• [Assigned task] Write out the data once more, exactly as it reads.

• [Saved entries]
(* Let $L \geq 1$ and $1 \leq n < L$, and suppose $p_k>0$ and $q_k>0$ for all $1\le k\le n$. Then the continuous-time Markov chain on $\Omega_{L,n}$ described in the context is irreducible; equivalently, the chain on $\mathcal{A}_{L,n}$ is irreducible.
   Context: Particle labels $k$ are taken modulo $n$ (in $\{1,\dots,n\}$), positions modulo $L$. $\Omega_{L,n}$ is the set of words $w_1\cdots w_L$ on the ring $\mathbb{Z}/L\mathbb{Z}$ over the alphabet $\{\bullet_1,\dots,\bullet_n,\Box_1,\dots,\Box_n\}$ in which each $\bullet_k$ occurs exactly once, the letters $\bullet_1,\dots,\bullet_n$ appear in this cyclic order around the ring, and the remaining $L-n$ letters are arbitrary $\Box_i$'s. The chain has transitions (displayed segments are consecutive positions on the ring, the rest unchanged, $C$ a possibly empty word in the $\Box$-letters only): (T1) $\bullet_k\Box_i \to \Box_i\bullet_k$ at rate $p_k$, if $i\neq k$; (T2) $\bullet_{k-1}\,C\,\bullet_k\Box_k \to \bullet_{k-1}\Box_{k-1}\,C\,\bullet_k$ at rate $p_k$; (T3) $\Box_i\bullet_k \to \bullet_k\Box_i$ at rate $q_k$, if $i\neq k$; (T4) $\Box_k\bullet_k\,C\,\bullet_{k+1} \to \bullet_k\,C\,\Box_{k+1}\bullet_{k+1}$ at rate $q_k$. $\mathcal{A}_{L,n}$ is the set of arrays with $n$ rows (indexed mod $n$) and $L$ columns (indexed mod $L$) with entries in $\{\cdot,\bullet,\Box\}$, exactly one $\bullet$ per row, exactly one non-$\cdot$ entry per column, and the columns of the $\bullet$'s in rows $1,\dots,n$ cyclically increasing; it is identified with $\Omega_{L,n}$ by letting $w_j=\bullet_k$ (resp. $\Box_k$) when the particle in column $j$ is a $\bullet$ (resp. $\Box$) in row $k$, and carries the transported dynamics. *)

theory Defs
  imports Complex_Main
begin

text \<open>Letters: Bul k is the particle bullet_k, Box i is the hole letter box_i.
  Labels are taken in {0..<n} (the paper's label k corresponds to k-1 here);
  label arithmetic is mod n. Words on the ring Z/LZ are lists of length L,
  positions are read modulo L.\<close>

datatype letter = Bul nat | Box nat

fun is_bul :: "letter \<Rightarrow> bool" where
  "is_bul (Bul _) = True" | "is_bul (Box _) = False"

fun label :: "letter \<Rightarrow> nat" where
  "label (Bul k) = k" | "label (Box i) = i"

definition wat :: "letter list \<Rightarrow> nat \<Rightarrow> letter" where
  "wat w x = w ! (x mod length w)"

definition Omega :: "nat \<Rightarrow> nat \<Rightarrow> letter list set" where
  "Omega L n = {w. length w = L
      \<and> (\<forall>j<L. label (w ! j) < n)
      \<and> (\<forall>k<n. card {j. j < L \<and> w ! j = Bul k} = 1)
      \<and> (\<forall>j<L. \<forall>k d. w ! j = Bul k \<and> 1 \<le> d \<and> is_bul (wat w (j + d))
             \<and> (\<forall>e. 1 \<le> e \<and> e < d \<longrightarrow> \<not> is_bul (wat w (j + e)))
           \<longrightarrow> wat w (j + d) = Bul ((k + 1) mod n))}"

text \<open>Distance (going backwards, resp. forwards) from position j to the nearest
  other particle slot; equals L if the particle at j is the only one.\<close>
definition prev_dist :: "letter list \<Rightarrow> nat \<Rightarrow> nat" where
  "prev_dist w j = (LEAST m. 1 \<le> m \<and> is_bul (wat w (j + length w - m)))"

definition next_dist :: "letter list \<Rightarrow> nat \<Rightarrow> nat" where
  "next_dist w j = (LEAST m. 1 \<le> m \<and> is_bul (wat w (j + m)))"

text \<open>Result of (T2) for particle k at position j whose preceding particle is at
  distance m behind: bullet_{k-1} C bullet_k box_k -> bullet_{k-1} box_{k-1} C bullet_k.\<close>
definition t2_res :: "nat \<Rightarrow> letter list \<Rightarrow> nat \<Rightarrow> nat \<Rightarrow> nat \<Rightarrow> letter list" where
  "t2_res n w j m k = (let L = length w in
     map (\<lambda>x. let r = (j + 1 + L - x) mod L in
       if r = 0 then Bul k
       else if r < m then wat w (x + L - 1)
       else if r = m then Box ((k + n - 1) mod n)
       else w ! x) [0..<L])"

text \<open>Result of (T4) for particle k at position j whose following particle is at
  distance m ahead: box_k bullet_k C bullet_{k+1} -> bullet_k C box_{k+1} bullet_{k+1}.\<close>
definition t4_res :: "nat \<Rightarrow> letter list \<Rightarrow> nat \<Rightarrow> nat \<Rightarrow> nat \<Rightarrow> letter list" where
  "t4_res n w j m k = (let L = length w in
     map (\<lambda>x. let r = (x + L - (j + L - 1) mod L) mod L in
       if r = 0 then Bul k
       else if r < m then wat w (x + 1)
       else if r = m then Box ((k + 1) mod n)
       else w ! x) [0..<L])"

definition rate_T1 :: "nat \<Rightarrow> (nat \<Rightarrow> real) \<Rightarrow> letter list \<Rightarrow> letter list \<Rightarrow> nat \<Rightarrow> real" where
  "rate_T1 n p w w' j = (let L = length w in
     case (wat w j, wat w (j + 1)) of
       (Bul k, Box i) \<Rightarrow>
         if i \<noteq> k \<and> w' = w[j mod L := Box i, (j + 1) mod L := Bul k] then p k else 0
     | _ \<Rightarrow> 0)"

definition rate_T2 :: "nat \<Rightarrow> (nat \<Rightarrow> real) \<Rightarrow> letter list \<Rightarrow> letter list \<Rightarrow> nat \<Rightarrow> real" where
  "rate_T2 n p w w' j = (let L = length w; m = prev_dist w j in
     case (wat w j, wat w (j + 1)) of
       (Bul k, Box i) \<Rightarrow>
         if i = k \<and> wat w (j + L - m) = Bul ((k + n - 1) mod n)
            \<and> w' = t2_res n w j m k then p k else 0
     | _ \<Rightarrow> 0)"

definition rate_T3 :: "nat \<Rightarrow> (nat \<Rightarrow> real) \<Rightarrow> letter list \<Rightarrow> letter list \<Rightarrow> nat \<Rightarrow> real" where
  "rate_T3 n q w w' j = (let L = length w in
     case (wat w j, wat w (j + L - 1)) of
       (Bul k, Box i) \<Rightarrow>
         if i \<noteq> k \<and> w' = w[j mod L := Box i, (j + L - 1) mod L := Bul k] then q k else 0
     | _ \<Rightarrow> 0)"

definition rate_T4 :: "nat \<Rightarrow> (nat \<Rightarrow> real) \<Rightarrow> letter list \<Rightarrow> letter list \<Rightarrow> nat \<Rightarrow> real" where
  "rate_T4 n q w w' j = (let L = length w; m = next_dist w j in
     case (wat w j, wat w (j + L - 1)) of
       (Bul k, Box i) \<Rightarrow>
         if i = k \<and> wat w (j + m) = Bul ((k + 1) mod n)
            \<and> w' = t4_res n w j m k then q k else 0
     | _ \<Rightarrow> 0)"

• [Answer]
(* Let $L \geq 1$ and $1 \leq n < L$, and suppose $p_k>0$ and $q_k>0$ for all $1\le k\le n$. Then the continuous-time Markov chain on $\Omega_{L,n}$ described in the context is irreducible; equivalently, the chain on $\mathcal{A}_{L,n}$ is irreducible.
   Context: Particle labels $k$ are taken modulo $n$ (in $\{1,\dots,n\}$), positions modulo $L$. $\Omega_{L,n}$ is the set of words $w_1\cdots w_L$ on the ring $\mathbb{Z}/L\mathbb{Z}$ over the alphabet $\{\bullet_1,\dots,\bullet_n,\Box_1,\dots,\Box_n\}$ in which each $\bullet_k$ occurs exactly once, the letters $\bullet_1,\dots,\bullet_n$ appear in this cyclic order around the ring, and the remaining $L-n$ letters are arbitrary $\Box_i$'s. The chain has transitions (displayed segments are consecutive positions on the ring, the rest unchanged, $C$ a possibly empty word in the $\Box$-letters only): (T1) $\bullet_k\Box_i \to \Box_i\bullet_k$ at rate $p_k$, if $i\neq k$; (T2) $\bullet_{k-1}\,C\,\bullet_k\Box_k \to \bullet_{k-1}\Box_{k-1}\,C\,\bullet_k$ at rate $p_k$; (T3) $\Box_i\bullet_k \to \bullet_k\Box_i$ at rate $q_k$, if $i\neq k$; (T4) $\Box_k\bullet_k\,C\,\bullet_{k+1} \to \bullet_k\,C\,\Box_{k+1}\bullet_{k+1}$ at rate $q_k$. $\mathcal{A}_{L,n}$ is the set of arrays with $n$ rows (indexed mod $n$) and $L$ columns (indexed mod $L$) with entries in $\{\cdot,\bullet,\Box\}$, exactly one $\bullet$ per row, exactly one non-$\cdot$ entry per column, and the columns of the $\bullet$'s in rows $1,\dots,n$ cyclically increasing; it is identified with $\Omega_{L,n}$ by letting $w_j=\bullet_k$ (resp. $\Box_k$) when the particle in column $j$ is a $\bullet$ (resp. $\Box$) in row $k$, and carries the transported dynamics. *)

theory Defs
  imports Complex_Main
begin

text \<open>Letters: Bul k is the particle bullet_k, Box i is the hole letter box_i.
  Labels are taken in {0..<n} (the paper's label k corresponds to k-1 here);
  label arithmetic is mod n. Words on the ring Z/LZ are lists of length L,
  positions are read modulo L.\<close>

datatype letter = Bul nat | Box nat

fun is_bul :: "letter \<Rightarrow> bool" where
  "is_bul (Bul _) = True" | "is_bul (Box _) = False"

fun label :: "letter \<Rightarrow> nat" where
  "label (Bul k) = k" | "label (Box i) = i"

definition wat :: "letter list \<Rightarrow> nat \<Rightarrow> letter" where
  "wat w x = w ! (x mod length w)"

definition Omega :: "nat \<Rightarrow> nat \<Rightarrow> letter list set" where
  "Omega L n = {w. length w = L
      \<and> (\<forall>j<L. label (w ! j) < n)
      \<and> (\<forall>k<n. card {j. j < L \<and> w ! j = Bul k} = 1)
      \<and> (\<forall>j<L. \<forall>k d. w ! j = Bul k \<and> 1 \<le> d \<and> is_bul (wat w (j + d))
             \<and> (\<forall>e. 1 \<le> e \<and> e < d \<longrightarrow> \<not> is_bul (wat w (j + e)))
           \<longrightarrow> wat w (j + d) = Bul ((k + 1) mod n))}"

text \<open>Distance (going backwards, resp. forwards) from position j to the nearest
  other particle slot; equals L if the particle at j is the only one.\<close>
definition prev_dist :: "letter list \<Rightarrow> nat \<Rightarrow> nat" where
  "prev_dist w j = (LEAST m. 1 \<le> m \<and> is_bul (wat w (j + length w - m)))"

definition next_dist :: "letter list \<Rightarrow> nat \<Rightarrow> nat" where
  "next_dist w j = (LEAST m. 1 \<le> m \<and> is_bul (wat w (j + m)))"

text \<open>Result of (T2) for particle k at position j whose preceding particle is at
  distance m behind: bullet_{k-1} C bullet_k box_k -> bullet_{k-1} box_{k-1} C bullet_k.\<close>
definition t2_res :: "nat \<Rightarrow> letter list \<Rightarrow> nat \<Rightarrow> nat \<Rightarrow> nat \<Rightarrow> letter list" where
  "t2_res n w j m k = (let L = length w in
     map (\<lambda>x. let r = (j + 1 + L - x) mod L in
       if r = 0 then Bul k
       else if r < m then wat w (x + L - 1)
       else if r = m then Box ((k + n - 1) mod n)
       else w ! x) [0..<L])"

text \<open>Result of (T4) for particle k at position j whose following particle is at
  distance m ahead: box_k bullet_k C bullet_{k+1} -> bullet_k C box_{k+1} bullet_{k+1}.\<close>
definition t4_res :: "nat \<Rightarrow> letter list \<Rightarrow> nat \<Rightarrow> nat \<Rightarrow> nat \<Rightarrow> letter list" where
  "t4_res n w j m k = (let L = length w in
     map (\<lambda>x. let r = (x + L - (j + L - 1) mod L) mod L in
       if r = 0 then Bul k
       else if r < m then wat w (x + 1)
       else if r = m then Box ((k + 1) mod n)
       else w ! x) [0..<L])"

definition rate_T1 :: "nat \<Rightarrow> (nat \<Rightarrow> real) \<Rightarrow> letter list \<Rightarrow> letter list \<Rightarrow> nat \<Rightarrow> real" where
  "rate_T1 n p w w' j = (let L = length w in
     case (wat w j, wat w (j + 1)) of
       (Bul k, Box i) \<Rightarrow>
         if i \<noteq> k \<and> w' = w[j mod L := Box i, (j + 1) mod L := Bul k] then p k else 0
     | _ \<Rightarrow> 0)"

definition rate_T2 :: "nat \<Rightarrow> (nat \<Rightarrow> real) \<Rightarrow> letter list \<Rightarrow> letter list \<Rightarrow> nat \<Rightarrow> real" where
  "rate_T2 n p w w' j = (let L = length w; m = prev_dist w j in
     case (wat w j, wat w (j + 1)) of
       (Bul k, Box i) \<Rightarrow>
         if i = k \<and> wat w (j + L - m) = Bul ((k + n - 1) mod n)
            \<and> w' = t2_res n w j m k then p k else 0
     | _ \<Rightarrow> 0)"

definition rate_T3 :: "nat \<Rightarrow> (nat \<Rightarrow> real) \<Rightarrow> letter list \<Rightarrow> letter list \<Rightarrow> nat \<Rightarrow> real" where
  "rate_T3 n q w w' j = (let L = length w in
     case (wat w j, wat w (j + L - 1)) of
       (Bul k, Box i) \<Rightarrow>
         if i \<noteq> k \<and> w' = w[j mod L := Box i, (j + L - 1) mod L := Bul k] then q k else 0
     | _ \<Rightarrow> 0)"

definition rate_T4 :: "nat \<Rightarrow> (nat \<Rightarrow> real) \<Rightarrow> letter list \<Rightarrow> letter list \<Rightarrow> nat \<Rightarrow> real" where
  "rate_T4 n q w w' j = (let L = length w; m = next_dist w j in
     case (wat w j, wat w (j + L - 1)) of
       (Bul k, Box i) \<Rightarrow>
         if i = k \<and> wat w (j + m) = Bul ((k + 1) mod n)
            \<and> w' = t4_res n w j m k then q k else 0
     | _ \<Rightarrow> 0)"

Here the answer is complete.